LawDistrict provides a Last Will and Testament printable template that is very easy to use and understand. Easily create this legal document with our outline. 

Using our template you can cut down on the excessive lawyer fees and save yourself a lot of time. 

What is the Difference Between a Last Will and a Living Trust

Between a Last Will and a Living Trust, there is a key similarity and a few differences

Many people frequently confuse the two documents, which is a massive mistake. There are some important details you need to be aware of.

Both documents are used to determine who receives your possessions after you die. 

However, apart from that detail, there can be some doubts concerning which document is appropriate in which situation.
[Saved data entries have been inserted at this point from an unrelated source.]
text \<open>Since \<open>x\<^sup>2 \<equiv> |x| (mod 2)\<close>, the norm and the weight have the same parity.\<close>
lemma Nq_labsw_parity: "even (Nq q - int (labsw q))"
proof (cases q)
  case (fields a0 a1 a2 a3)
  have sq: "even ((x::int)^2 - \<bar>x\<bar>)" for x
  proof -
    have "x^2 - \<bar>x\<bar> = \<bar>x\<bar> * (\<bar>x\<bar> - 1)" by (simp add: power2_eq_square algebra_simps)
    then show ?thesis by simp
  qed
  have "Nq q - int (labsw q)
      = (a0^2 - \<bar>a0\<bar>) + (a1^2 - \<bar>a1\<bar>) + (a2^2 - \<bar>a2\<bar>) + (a3^2 - \<bar>a3\<bar>)"
    by (simp add: fields Nq_def labsw_int)
  then show ?thesis using sq by simp
qed

section \<open>Short elements of the ideal generated by pi\<close>

text \<open>A Lipschitz integer of weight at most 4 whose norm is a multiple of an odd
  \<open>p \<ge> 11\<close> is zero: a nonzero multiple would force weight 4 and an even norm, hence
  norm \<open>\<ge> 2p > 16\<close>.\<close>
lemma short_multiple_is_zero:
  assumes weight: "labsw d \<le> 4" and norm: "Nq d = m * int p"
    and "odd p" and "11 \<le> p"
  shows "d = lzero"
proof (rule ccontr)
  assume "d \<noteq> lzero"
  define L where "L = int (labsw d)"
  have "Nq d > 0" using \<open>d \<noteq> lzero\<close> Nq_nonneg[of d] Nq_eq_0_iff[of d] by linarith
  then have "m \<ge> 1" using norm by (simp add: zero_less_mult_iff)
  then have "Nq d \<ge> 1 * 11" unfolding norm
    by (intro mult_mono) (use \<open>11 \<le> p\<close> in simp_all)
  moreover have "Nq d \<le> L^2" using Nq_le_labsw_sq L_def by simp
  moreover have "0 \<le> L" "L \<le> 4" using weight L_def by simp_all
  moreover have "L^2 \<le> 3^2" if "L \<le> 3" using that \<open>0 \<le> L\<close> by (intro power_mono) simp_all
  ultimately have "L = 4" by fastforce
  then have "Nq d = (Nq d - int (labsw d)) + 2 * 2" using L_def by simp
  then have "even (Nq d)" using Nq_labsw_parity[of d] by (metis dvd_add dvd_triv_left)
  then have "even m" using norm \<open>odd p\<close> by simp
  with \<open>m \<ge> 1\<close> have "m \<ge> 2" by presburger
  then have "Nq d \<ge> 2 * 11" unfolding norm
    by (intro mult_mono) (use \<open>11 \<le> p\<close> in simp_all)
  moreover have "Nq d \<le> 16" using \<open>Nq d \<le> L^2\<close> \<open>L = 4\<close> by simp
  ultimately show False by simp
qed

lemma labsw_diff_le: "labsw (ladd a (lneg b)) \<le> labsw a + labsw b"
proof -
  obtain a0 a1 a2 a3 b0 b1 b2 b3 where "a = (a0, a1, a2, a3)" "b = (b0, b1, b2, b3)"
    by (cases a; cases b) auto
  moreover have "\<bar>a0 - b0\<bar> + \<bar>a1 - b1\<bar> + \<bar>a2 - b2\<bar> + \<bar>a3 - b3\<bar>
      \<le> (\<bar>a0\<bar> + \<bar>b0\<bar>) + (\<bar>a1\<bar> + \<bar>b1\<bar>) + (\<bar>a2\<bar> + \<bar>b2\<bar>) + (\<bar>a3\<bar> + \<bar>b3\<bar>)"
    by (intro add_mono abs_triangle_ineq4)
  ultimately have "int (labsw (ladd a (lneg b))) \<le> int (labsw a) + int (labsw b)"
    by (simp add: ladd_def lneg_def labsw_int)
  then show ?thesis by linarith
qed
lemma covers_ranks:
  fixes w :: "nat \<Rightarrow> real"
  assumes "length f = n" "inj_on w {..<n}"
    and "\<And>j a. j < n \<Longrightarrow> f ! j = Some a \<Longrightarrow> w j = real a"
  shows "covers f (ranks w n)"
proof -
  have agree: "(case f ! i of None \<Rightarrow> w i | Some x \<Rightarrow> real x) = w i" if "i < n" for i
    using assms(3)[OF that] by (cases "f ! i") auto
  have "inj_on (\<lambda>i. case f ! i of None \<Rightarrow> w i | Some x \<Rightarrow> real x) {..<n}"
    using assms(2) by (subst inj_on_cong[where g = w]) (simp_all add: agree)
  moreover have "{j \<in> {..<n}. (case f ! j of None \<Rightarrow> w j | Some x \<Rightarrow> real x) \<le> w i} =
      {j \<in> {..<n}. w j \<le> w i}" for i
    using agree by auto
  ultimately show ?thesis
    unfolding covers_def Let_def using assms(1) agree
    by (intro conjI exI[of _ w]) (auto simp: nth_ranks)
qed

lemma exists_real_between_avoiding:
  fixes L U S :: "real set"
  assumes "finite L" "finite U" "finite S" "\<forall>a\<in>L. \<forall>b\<in>U. a < b"
  shows "\<exists>r. (\<forall>a\<in>L. a < r) \<and> (\<forall>b\<in>U. r < b) \<and> r \<notin> S"
proof -
  define M where "M = Max (insert 0 (abs ` (L \<union> U))) + 1"
  have bound: "\<bar>x\<bar> < M" if "x \<in> L \<union> U" for x
  proof -
    have "\<bar>x\<bar> \<le> Max (insert 0 (abs ` (L \<union> U)))"
      using that assms(1,2) by (intro Max_ge) auto
    then show ?thesis by (simp add: M_def)
  qed
  have "0 \<le> Max (insert 0 (abs ` (L \<union> U)))"
    using assms(1,2) by (intro Max_ge) auto
  then have "0 < M" by (simp add: M_def)
  then have sep: "\<forall>a\<in>insert (- M) L. \<forall>b\<in>insert M U. a < b"
    using assms(4) bound by (force simp: abs_less_iff)
  define lo where "lo = Max (insert (- M) L)"
  define hi where "hi = Min (insert M U)"
  have "\<forall>a\<in>insert (- M) L. a < hi"
    unfolding hi_def using sep assms(2) Min_gr_iff[of "insert M U"] by simp
  then have "lo < hi"
    unfolding lo_def using assms(1) Max_less_iff[of "insert (- M) L"] by simp
  then have "{lo<..<hi} - S \<noteq> {}"
    using assms(3) infinite_Ioo[of lo hi] by (metis finite_subset Diff_eq_empty_iff)
  then obtain r where r: "lo < r" "r < hi" "r \<notin> S"
    by (meson Diff_eq_empty_iff greaterThanLessThan_iff subsetI)
  have "\<forall>a\<in>L. a < r" using r(1) assms(1) by (auto simp: lo_def)
  moreover have "\<forall>b\<in>U. r < b" using r(2) assms(2) by (auto simp: hi_def)
  ultimately show ?thesis using r(3) by blast
qed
Check out the table below to clarify any doubts

Last Will Living Trust
A Probate Court is used to supervise your requests after you pass away. A Probate Court does not have jurisdiction.
Allows you to appoint a legal guardian for your child. You are not allowed to appoint a legal guardian.
A court appoints a representative if you don’t create a Durable Power of Attorney There is no conservatorship. Your trustee will be responsible for distributing your property.

Do I Need a Will If I Have Power of Attorney

A Power of Attorney and Last Will both help you when you are not able to communicate your desires. 

However, it is essential to understand that you should have both documents.

A Power of Attorney makes decisions for you while you are still alive, but you are not able to communicate. 

The moment you die, thePower of Attorney loses its authority

Using a Last Will and Testament means you have the power to make decisions after you pass away

Using this document will ensure your belongings and assets end up where you want them to. Your executor will be in charge of overseeing your assets until they are distributed. 

Who Can Make a Last Will

A professional who can create a Last Will, is a lawyer. However, if a lawyer makes a Last Will for you, they could charge around $300. Depending on your estate, it could even be around $1,000. 

In almost every circumstance, lawyer fees are costly. You also need to wait until the lawyer is available to make the document. 

With LawDistrict’s legal documents, you can easily make a Last Willon your own. 

Our easy-to-write and legally valid online will not only be a cost-effective option, but it will also save you plenty of time and energy. 

Can a Husband and Wife Make a Joint Will?

Yes, it is possible to make a Joint Will. These types of Wills are created and usually signed by a married couple. 

This document allows 2 or more people to list their assets and beneficiaries together on a single document. 

Joint Wills often state: 

  • All the couple’s property will stay with the remaining spouse after they have passed away.

  • When the remaining spouses passes away, all the possessions will be left to any children they may have. 

It is recommended to make a joint will if you are in complete agreement with your spouse, on how your personal property and belongings will be distributed.

Do I have to File My Will?

You are not explicitly required to file your Will. You only need to keep it in a safe place where it can be found upon your death. 

However, once you pass away, your Executor will be obligated to file the document in the probate court of your county. 

Depending on your state, the executor (or whoever is in possession of the Will) will have a certain amount of days to file the Will after the date of death. 

Failure to file the will could result in a lawsuit by someone else involved in the testament.